In October, it was announced that the Glasgow Film Theatre had launched a special series of monthly Dementia-friendly film screenings dubbed Movie Memories. The screenings are “designed especially for people experiencing early to mid stages of dementia, their carers and/or families with the aim of creating an accessible and friendly environment for a group of people who may often feel they will be no longer welcome in social situations, such as taking a trip to the cinema. After a successful pop-up screening of Singin’ in the Rain at Dundasvale Residents Hall last year, the Movie Memories series officially launched at the GFT on the 19th of October with a screening of Whisky Galore.

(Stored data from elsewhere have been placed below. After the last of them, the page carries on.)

lemma comp_proj_comp: "is_comp (proj_comp w)"
  by (auto simp: is_comp_def proj_comp_def remove_zeros_def not0_implies_Suc)

lemma ncomp_proj_comp: "is_ncomp (proj_comp w)"
  by (auto simp: is_ncomp_def proj_comp_def remove_zeros_def)

lemma theta_proj_comp: "theta (proj_comp w) = remove_zeros w"
  by (simp add: proj_comp_def theta_eq_map theta1_def comp_def)

lemma ncomp_eq_map_Nat_iff: "is_ncomp \<pi> \<Longrightarrow> (\<pi> = map Nat s \<longleftrightarrow> Eps \<notin> set \<pi> \<and> s = theta \<pi>)"
proof
  assume "\<pi> = map Nat s"
  then show "Eps \<notin> set \<pi> \<and> s = theta \<pi>" by (auto simp: theta_eq_map theta1_def comp_def)
next
  assume a: "is_ncomp \<pi>" "Eps \<notin> set \<pi> \<and> s = theta \<pi>"
  have "\<pi> = map Nat (theta \<pi>)"
  proof (rule nth_equalityI)
    fix i assume "i < length \<pi>"
    then have "\<pi> ! i \<in> set \<pi>" by simp
    then have "\<pi> ! i \<noteq> Eps" using a by auto
    then obtain n where n: "\<pi> ! i = Nat n" by (cases "\<pi> ! i") auto
    then show "\<pi> ! i = map Nat (theta \<pi>) ! i" using \<open>i < length \<pi>\<close>
      by (simp add: theta_eq_map theta1_def)
  qed (simp add: theta_eq_map)
  then show "\<pi> = map Nat s" using a by simp
qed

lemma M_proj_comp:
  "M (proj_comp w) m
      = (if finite (esupp m) \<and> Eps \<notin> set (comp_of m) \<and> remove_zeros w = theta (comp_of m) then 1
        else 0)"
  using ncomp_eq_map_Nat_iff[OF ncomp_comp_of[of m], of "remove_zeros w"]
    by (auto simp: M_eq_comp_of proj_comp_def)

lemma sum_proj_word_eval: "sum_list (map (\<lambda>w. proj_word w m) L) =
  (if finite (esupp m) \<and> Eps \<notin> set (comp_of m) then lead_signed_count L (theta (comp_of m)) else
    (0::'a::comm_ring_1))"
  by (induction L) (auto simp: lead_signed_count_def proj_word_def M_proj_comp proj_coeff_def)

lemma remove_zeros_pos: "\<forall>x\<in>set (remove_zeros w). 0 < x"
  by (auto simp: remove_zeros_def)
lemma opt_length_le_sqrt_card:
  assumes X: "finite X" "X \<subseteq> unit_square" "card X \<ge> 3"
  shows "opt_length X \<le> 10 * sqrt (card X)"
proof -
  define n where "n = card X"
  define k where "k = nat \<lceil>sqrt n\<rceil>"
  have sqrt_n: "1 \<le> sqrt n" using X(3) by (simp add: n_def)
  have k: "sqrt n \<le> k" "k \<le> sqrt n + 1" "k \<ge> 1" unfolding k_def using sqrt_n by linarith+
  define xs where "xs = sort_key (strip_key k) (lex.sorted_list_of_set X)"
  have xs: "distinct xs" "set xs = X" "length xs = n" "sorted (map (strip_key k) xs)"
    using X(1) by (simp_all add: xs_def n_def distinct_card[symmetric])
  then have "xs \<noteq> []" "is_tour X xs" using X(3) by (auto simp: is_tour_def n_def)
  have "real (n - 1) \<le> sqrt n * sqrt n" by simp
  also have "\<dots> \<le> sqrt n * k" using k by (intro mult_left_mono) auto
  finally have "(n - 1) / k \<le> sqrt n" using k(3) by (simp add: field_simps)
  then have "path_length xs \<le> 3 * real k + 1 + sqrt n"
    using path_length_strip_sorted_le[OF k(3) \<open>xs \<noteq> []\<close> _ xs(4)] xs(2,3) X(2) by fastforce
  moreover have "dist (last xs) (hd xs) \<le> 2"
    using \<open>xs \<noteq> []\<close> xs(2) X(2) by (intro dist_le_2_unit_square) auto
  moreover have "tour_length xs = path_length xs + dist (last xs) (hd xs)"
    using \<open>xs \<noteq> []\<close> by (simp add: tour_length_conv_path_length path_length_snoc)
  moreover have "opt_length X \<le> tour_length xs"
    unfolding opt_length_def using finite_tours[of X "\<lambda>_. True"] X(1) \<open>is_tour X xs\<close>
    by (auto intro!: Min_le)
  ultimately show ?thesis using k sqrt_n unfolding n_def by linarith
qed
(* Let $\overline{\mathcal{O}}$, $\varphi$ be as in the context, let $K$ be a complete non-Archimedean field, and let $F:\overline{\mathcal{O}}\to K$ be a continuous non-vanishing function. Suppose that for all $n\in\mathbb{N}$ and all $\mathbf{x}=(\mathbf{x}_t)_t\in\overline{\mathcal{O}}$ with $|\mathbf{x}_t|<1$ for all $t$, $$\varphi^{(n)}(-\mathbf{x})=-\mathbf{x}\ \Longrightarrow\ \prod_{j=0}^{n-1}F\left(-\varphi^{(j)}(-\mathbf{x})\right)=1.$$ Then there exists a continuous non-vanishing function $G:\overline{\mathcal{O}}\to K$ such that $F(\mathbf{x})=\dfrac{G(\mathbf{x})}{G(-\varphi(-\mathbf{x}))}$ for all $\mathbf{x}\in\overline{\mathcal{O}}$.
   Context: Let $q$ be a prime power, $A=\mathbb{F}_q[\theta]$, $k=\mathbb{F}_q(\theta)$. Let $\mathcal{O}=\prod_t\mathcal{O}_t$ be a finite product with each $\mathcal{O}_t\in\{\mathbb{Z},A\}$; for each $t$ fix a prime number $p_t$ (if $\mathcal{O}_t=\mathbb{Z}$, with $\overline{\mathcal{O}}_t=\mathbb{Z}_{p_t}$) or a monic irreducible $v_t\in A$ (if $\mathcal{O}_t=A$, with $\overline{\mathcal{O}}_t=A_{v_t}$ the $v_t$-adic completion), and $\overline{\mathcal{O}}=\prod_t\overline{\mathcal{O}}_t$. Fix $\pi_t$ a positive power of $p_t$ resp. $v_t$. Each $\mathbf{x}_t\in\overline{\mathcal{O}}_t$ is uniquely $\sum_{i\ge0}x_{t,i}\pi_t^i$ with integer digits $0\le x_{t,i}<\pi_t$ (case $\mathbb{Z}$) or polynomial digits of degree $<\deg\pi_t$ (case $A$); $\varphi_t(\mathbf{x}_t)=\sum_{i\ge0}x_{t,i+1}\pi_t^i$ and $\varphi(\mathbf{x})=(\varphi_t(\mathbf{x}_t))_t$; $\varphi^{(j)}$ is the $j$-fold iterate. If $\varphi^{(n)}(\mathbf{y})=\mathbf{y}$ then each component $\mathbf{y}_t$ is an element of $\mathbb{Q}$ resp. $k$ (a ratio of an element of $\mathcal{O}_t$ and $1-\pi_t^n$); here $|\cdot|$ denotes the usual real absolute value on $\mathbb{Q}$ and the $\infty$-adic absolute value $|f/g|=q^{\deg f-\deg g}$ on $k$. *)

theory Defs
  imports "HOL-Computational_Algebra.Computational_Algebra"
begin

definition nonarch_abs :: "('k::field \<Rightarrow> real) \<Rightarrow> bool" where
  "nonarch_abs abv \<longleftrightarrow>
     (\<forall>x. 0 \<le> abv x) \<and> (\<forall>x. abv x = 0 \<longleftrightarrow> x = 0) \<and>
     (\<forall>x y. abv (x * y) = abv x * abv y) \<and>
     (\<forall>x y. abv (x + y) \<le> max (abv x) (abv y))"

definition abv_complete :: "('k::field \<Rightarrow> real) \<Rightarrow> bool" where
  "abv_complete abv \<longleftrightarrow>
     (\<forall>s::nat \<Rightarrow> 'k.
        (\<forall>\<epsilon>>0. \<exists>N. \<forall>m\<ge>N. \<forall>n\<ge>N. abv (s m - s n) < \<epsilon>) \<longrightarrow>
        (\<exists>L. \<forall>\<epsilon>>0. \<exists>N. \<forall>n\<ge>N. abv (s n - L) < \<epsilon>))"

definition complete_nonarch_field :: "('k::field \<Rightarrow> real) \<Rightarrow> bool" where
  "complete_nonarch_field abv \<longleftrightarrow> nonarch_abs abv \<and> abv_complete abv"

text \<open>An element of the pi-adic completion of R (R = int or F_q[theta]) is
  represented by the sequence of its truncations x n = sum of the first n digits,
  i.e. the canonical residue of x modulo pi^n (0 <= x n < pi^n for int,
  degree x n < n * degree pi for polynomials).\<close>

definition adic_elems :: "'a::euclidean_ring \<Rightarrow> (nat \<Rightarrow> 'a) set" where
  "adic_elems \<pi> = {x. \<forall>n. x n mod \<pi> ^ n = x n \<and> x (Suc n) mod \<pi> ^ n = x n}"
(* Let $p,q$ be positive integers, with notation as in the context. Let $T_c$ be a positive integer with $T_c=2^{l_c}T_1$ for a non-negative integer $l_c$ (or $T_c=1$), and let $s$ be the integer with $T_{e_s}=2^sT_1$. Suppose the positive integer $e$ satisfies $$e\ge\begin{cases}\max(e_p,e_q) & \text{if } T_c=1;\\ e_{s,g}+1 & \text{if } l_c=0,\ T_1\ne 1;\\ e_{s,g}+2l_c-1 & \text{if } 1\le l_c\le s+1;\\ e_{s,g}+s+1+l_c & \text{if } l_c\ge s+2.\end{cases}$$ Then $N_{T_c,e}=N_{T_c,e+l}$ for every positive integer $l$.
   Context: Let $\mathbf{C}=\begin{bmatrix}1 & p\\ q & 1+pq\end{bmatrix}$. The Cat map over $\mathbb{Z}_{2^e}$ is the bijection $v\mapsto \mathbf{C}v\bmod 2^e$ of $\mathbb{Z}_{2^e}^2$; a cycle of length $n$ is an orbit of a point $v$ for which $n$ is the least positive integer with $\mathbf{C}^n v\equiv v\pmod{2^e}$. $N_{T_c,e}$ denotes the number of cycles of length $T_c$ of the Cat map over $\mathbb{Z}_{2^e}$, and $T_e$ its least period (least $n\ge1$ with $\mathbf{C}^n\equiv I\pmod{2^e}$). Put $A=pq+2$, $B=\sqrt{A^2-4}$, $G_n=\left(\frac{A+B}{2}\right)^n+\left(\frac{A-B}{2}\right)^n$, $H_n=\frac{1}{B}\left(\left(\frac{A+B}{2}\right)^n-\left(\frac{A-B}{2}\right)^n\right)$ (integers). For a nonzero integer $m$ let $v_2(m)$ be the largest $x$ with $2^x\mid m$. Let $e_p=v_2(p)$, $e_q=v_2(q)$; $T_1=3$ if $p,q$ are both odd, $T_1=2$ if exactly one of $p,q$ is odd, $T_1=1$ if both are even; $\hat h=-1$ if $e_p+e_q=0$ and $\hat h=\min(e_p,e_q)$ otherwise; $e_{s,h}=v_2(H_{T_1})$; $m_0=1$ if $\frac12 G_{T_1}\not\equiv 1\pmod 4$ and $m_0=0$ otherwise; $e_{s,g}=v_2\left(\frac12 G_{2^{m_0}T_1}-1\right)$; $x_0=e_{s,h}+m_0+\hat h-e_{s,g}$ if $e_{s,g}<e_{s,h}+m_0+\hat h$ and $x_0=0$ otherwise; and $e_s=e_{s,h}+m_0+\hat h+x_0$. The cases in the displayed condition are read in order (the first applicable one is used). *)

theory Defs
  imports "HOL-Analysis.Analysis" "HOL-Computational_Algebra.Factorial_Ring" "HOL-Number_Theory.Cong"
begin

The launch of this programme at the GFT is part of a wider trend of efforts by the independent cinema to make the film theatre experience more and more accessible for everyone. The GFT already runs the Access Film Club, an autism-friendly programme in collaboration with the National Autistic Society Scotland, which organises regular screenings and post-film discussions in what they describe as a “friendly and welcoming environment”. The GFT even became the first cinema in the UK to receive the Autism Friendly Award 2017. On top of this, they also run Visible Cinema: a D/deaf and Hard of Hearing film programme involving captioned or subtitled screenings and post-film discussions with integrated BSL and Speech To Text Service. 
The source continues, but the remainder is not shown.